For now, average users won’t have access to Microsoft’s Video Authenticator. It will be available exclusively to the AI Foundation as part of its Reality Defender 2020 program, which allows candidates, press, campaigns, parties, and social media platforms to provide suspected fake media for authentication. But, down the road, these tools could become more available to the public.
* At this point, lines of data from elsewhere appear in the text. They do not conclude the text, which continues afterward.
lemma emeasure_data_space_conditional:
  assumes G: "Measurable.pred (data_space (n1+n2) p) G"
  shows "emeasure (data_space (n1+n2) p) {\<omega> \<in> space (data_space (n1+n2) p). G \<omega>}
       = (\<integral>\<^sup>+x. emeasure (PiM (nuisance_coords n1 n2 p i) (\<lambda>_. std_gauss))
              {w \<in> space (PiM (nuisance_coords n1 n2 p i) (\<lambda>_. std_gauss)). G (glue n1 n2 p i x w)}
            \<partial>PiM (conditioning_coords n1 n2 p i) (\<lambda>_. std_gauss))"
proof -
  let ?n = "n1 + n2"
  let ?A = "conditioning_coords n1 n2 p i"
  let ?B = "nuisance_coords n1 n2 p i"
  let ?Q = "coord_space ?n p"
  let ?S = "{z \<in> space ?Q. G (assemble ?n p z)}"
  interpret P: product_prob_space "\<lambda>_::(nat\<times>nat)+nat. std_gauss" "coords ?n p"
    by (rule product_prob_space_const) simp
  have QG: "Measurable.pred ?Q (\<lambda>z. G (assemble ?n p z))"
    by (rule measurable_compose[OF measurable_assemble G])
  have "emeasure (data_space ?n p) {\<omega> \<in> space (data_space ?n p). G \<omega>}
      = emeasure (distr ?Q (data_space ?n p) (assemble ?n p)) {\<omega> \<in> space (data_space ?n p). G \<omega>}"
    by (simp add: distr_assemble)
  also have "\<dots> = emeasure ?Q ?S"
    using measurable_space[OF measurable_assemble]
    by (subst emeasure_distr[OF measurable_assemble predE[OF G]]) (auto intro: arg_cong2[where f=emeasure])
  also have "\<dots> = (\<integral>\<^sup>+z. indicator ?S z \<partial>?Q)"
    using predE[OF QG] by simp
  also have "\<dots> = (\<integral>\<^sup>+x. (\<integral>\<^sup>+w. indicator ?S (merge ?A ?B (x, w)) \<partial>PiM ?B (\<lambda>_. std_gauss))
                    \<partial>PiM ?A (\<lambda>_. std_gauss))"
    unfolding coord_space_def coords_eq_conditioning_Un_nuisance[of n1 n2 p i]
    using conditioning_Int_nuisance_coords predE[OF QG]
    by (intro P.product_nn_integral_fold)
      (auto simp: coord_space_def coords_eq_conditioning_Un_nuisance[of n1 n2 p i])
  also have "\<dots> = (\<integral>\<^sup>+x. emeasure (PiM ?B (\<lambda>_. std_gauss))
                    {w \<in> space (PiM ?B (\<lambda>_. std_gauss)). G (glue n1 n2 p i x w)} \<partial>PiM ?A (\<lambda>_. std_gauss))"
  proof (rule nn_integral_cong)
    fix x assume x: "x \<in> space (PiM ?A (\<lambda>_. std_gauss))"
    have merge: "(\<lambda>w. merge ?A ?B (x, w)) \<in> measurable (PiM ?B (\<lambda>_. std_gauss)) ?Q"
      unfolding coord_space_def coords_eq_conditioning_Un_nuisance[of n1 n2 p i]
      by (rule measurable_compose[OF measurable_Pair1'[OF x] measurable_merge])
    let ?W = "{w \<in> space (PiM ?B (\<lambda>_. std_gauss)). G (glue n1 n2 p i x w)}"
    have "?W \<in> sets (PiM ?B (\<lambda>_. std_gauss))"
      unfolding glue_def by (rule predE[OF measurable_compose[OF merge QG]])
    have "(\<integral>\<^sup>+w. indicator ?S (merge ?A ?B (x, w)) \<partial>PiM ?B (\<lambda>_. std_gauss))
        = (\<integral>\<^sup>+w. indicator ?W w \<partial>PiM ?B (\<lambda>_. std_gauss))"
      using measurable_space[OF merge]
      by (intro nn_integral_cong) (auto simp: indicator_def glue_def)
    also have "\<dots> = emeasure (PiM ?B (\<lambda>_. std_gauss)) ?W"
      using \<open>?W \<in> sets (PiM ?B (\<lambda>_. std_gauss))\<close> by simp
    finally show "(\<integral>\<^sup>+w. indicator ?S (merge ?A ?B (x, w)) \<partial>PiM ?B (\<lambda>_. std_gauss))
        = emeasure (PiM ?B (\<lambda>_. std_gauss)) ?W" .
  qed
  finally show ?thesis .
qed

lemma nn_integral_column:
  assumes "i < p" and f: "f \<in> borel_measurable (gauss_vec n2)"
  shows "(\<integral>\<^sup>+x. f (\<lambda>k\<in>{..<n2}. x (Inl (n1+k,i))) \<partial>PiM (conditioning_coords n1 n2 p i) (\<lambda>_. std_gauss))
       = (\<integral>\<^sup>+\<zeta>. f \<zeta> \<partial>gauss_vec n2)"
proof -
  let ?A = "conditioning_coords n1 n2 p i"
  let ?col = "\<lambda>x. \<lambda>k\<in>{..<n2}. x (Inl (n1+k,i))"
  have distr: "distr (PiM ?A (\<lambda>_. std_gauss)) (PiM {..<n2} (\<lambda>_. std_gauss)) ?col = gauss_vec n2"
    using distr_PiM_reindex[of ?A "\<lambda>_. std_gauss" "\<lambda>k. Inl (n1+k,i)" "{..<n2}"] assms(1)
    by (auto simp: inj_on_def gauss_vec_def)
  have col: "?col \<in> measurable (PiM ?A (\<lambda>_. std_gauss)) (PiM {..<n2} (\<lambda>_. std_gauss))"
    using assms(1) by (intro measurable_restrict measurable_component_singleton) auto
  have "f \<in> borel_measurable (distr (PiM ?A (\<lambda>_. std_gauss)) (PiM {..<n2} (\<lambda>_. std_gauss)) ?col)"
    using f by (simp only: distr)
  from nn_integral_distr[OF col this] show ?thesis
    by (simp only: distr)
qed

lemma measurable_emeasure_std_gauss_gt:
  assumes "g \<in> borel_measurable M"
  shows "(\<lambda>\<zeta>. emeasure std_gauss {e. g \<zeta> < r * e}) \<in> borel_measurable M"
proof (rule sigma_finite_measure.measurable_emeasure)
  show "{x \<in> space (M \<Otimes>\<^sub>M std_gauss). snd x \<in> {e. g (fst x) < r * e}} \<in> sets (M \<Otimes>\<^sub>M std_gauss)"
    using assms by measurable
qed (simp_all add: prob_space_imp_sigma_finite)

lemma nn_integral_emeasure_std_gauss_gt:
  assumes g: "g \<in> borel_measurable (gauss_vec n)"
  shows "(\<integral>\<^sup>+\<zeta>. emeasure std_gauss {e. g \<zeta> < r * e} \<partial>gauss_vec n)
       = emeasure (std_gauss \<Otimes>\<^sub>M gauss_vec n) {x \<in> space (std_gauss \<Otimes>\<^sub>M gauss_vec n). g (snd x) < r * fst x}"
proof -
  interpret pair_sigma_finite std_gauss "gauss_vec n"
    by (intro pair_sigma_finite.intro prob_space_imp_sigma_finite) simp_all
  have "Measurable.pred (std_gauss \<Otimes>\<^sub>M gauss_vec n) (\<lambda>x. g (snd x) < r * fst x)"
    using g by measurable
  from emeasure_pair_measure_alt2[OF predE[OF this]] show ?thesis
    by (auto intro!: nn_integral_cong arg_cong2[where f=emeasure] simp: space_pair_measure)
qed

section \<open>Thresholds and the function psi\<close>

lemma vnorm_restrict [simp]: "vnorm n (\<lambda>k\<in>{..<n}. u k) = vnorm n u"
  by (simp add: vnorm_def)

lemma vnorm_nonneg: "0 \<le> vnorm n u"
  by (simp add: vnorm_def sum_nonneg)

lemma measurable_vnorm [measurable]: "vnorm m \<in> borel_measurable (gauss_vec m)"
proof -
  have "(\<lambda>\<zeta>. \<Sum>k<m. (\<zeta> k)\<^sup>2) \<in> borel_measurable (PiM {..<m} (\<lambda>_. std_gauss))"
  proof (rule borel_measurable_sum)
    fix k assume "k \<in> {..<m}"
    then have "(\<lambda>\<zeta>. \<zeta> k) \<in> measurable (PiM {..<m} (\<lambda>_. std_gauss)) std_gauss"
      by (intro measurable_component_singleton) auto
    then show "(\<lambda>\<zeta>. (\<zeta> k)\<^sup>2) \<in> borel_measurable (PiM {..<m} (\<lambda>_. std_gauss))" by simp
  qed
  note this[measurable]
  show ?thesis unfolding vnorm_def[abs_def] gauss_vec_def by measurable
qed

lemma ln_ratio_nonneg:
  assumes "1 \<le> s" "real s \<le> real p / 2"
  shows "0 \<le> ln (real p / real s - 1)"
proof -
  have "2 \<le> real p / real s" using assms by (simp add: field_simps)
  then show ?thesis by simp
qed

context
  fixes a :: real and p s :: nat
  assumes a_pos: "0 < a" and ln_nonneg: "0 \<le> ln (real p / real s - 1)"
begin

lemma thr_nonneg: "0 \<le> thr a \<sigma>' p s m u"
  unfolding thr_def using a_pos ln_nonneg vnorm_nonneg[of m u] by simp

lemma signal_level_le_thr: "a * vnorm m u - thr a \<sigma>' p s m u \<le> thr a \<sigma>' p s m u"
  unfolding thr_def using a_pos ln_nonneg vnorm_nonneg[of m u] by simp

end

lemma thr_restrict [simp]: "thr a \<sigma>' p s n (\<lambda>k\<in>{..<n}. u k) = thr a \<sigma>' p s n u"
  by (simp add: thr_def)

definition null_tail :: "nat \<Rightarrow> nat \<Rightarrow> nat \<Rightarrow> real \<Rightarrow> real \<Rightarrow> real" where
  "null_tail m p s a \<sigma>' = measure (std_gauss \<Otimes>\<^sub>M gauss_vec m)
     {x \<in> space (std_gauss \<Otimes>\<^sub>M gauss_vec m). thr a \<sigma>' p s m (snd x) < \<sigma>' * fst x}"

definition signal_tail :: "nat \<Rightarrow> nat \<Rightarrow> nat \<Rightarrow> real \<Rightarrow> real \<Rightarrow> real" where
  "signal_tail m p s a \<sigma>' = measure (std_gauss \<Otimes>\<^sub>M gauss_vec m)
     {x \<in> space (std_gauss \<Otimes>\<^sub>M gauss_vec m).
        max 0 (a * vnorm m (snd x) - thr a \<sigma>' p s m (snd x)) < \<sigma>' * fst x}"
Another big tech company—Google—has been hard at work on ways to detect face swaps; last year it hired actors and built its own dataset using paid actors similar to Facebook’s methods. While Google doesn’t have public plans for a specific deepfake detection site for everyday users, it has already implemented some image manipulation tools as part of its Image Search function, which is often the first step in trying to figure out if a photo is fake.

Microsoft didn’t share specific numbers about the success rate its AI-driven tool achieved, but the benchmark isn’t all that high when you survey the top performing players. The winner of Facebook’s challenge achieved its 82-percent success rate on familiar data—once it was applied to new clips taken in the real world with fewer controlled variables, its accuracy dropped to around 60 percent. Canadian company Dessa had similar success with the Google-produced videos with controlled variables. With videos pulled from other places on the web, however, it struggled to hit the 60 percent success mark.

We still don’t know how big a role deepfakes will play in the 2020 election, and with social media platforms doing their own behind-the-scenes detection, we may never know how bad it could have been. Maybe by the next election, computers will be better at recognizing the handiwork of other automated manipulators.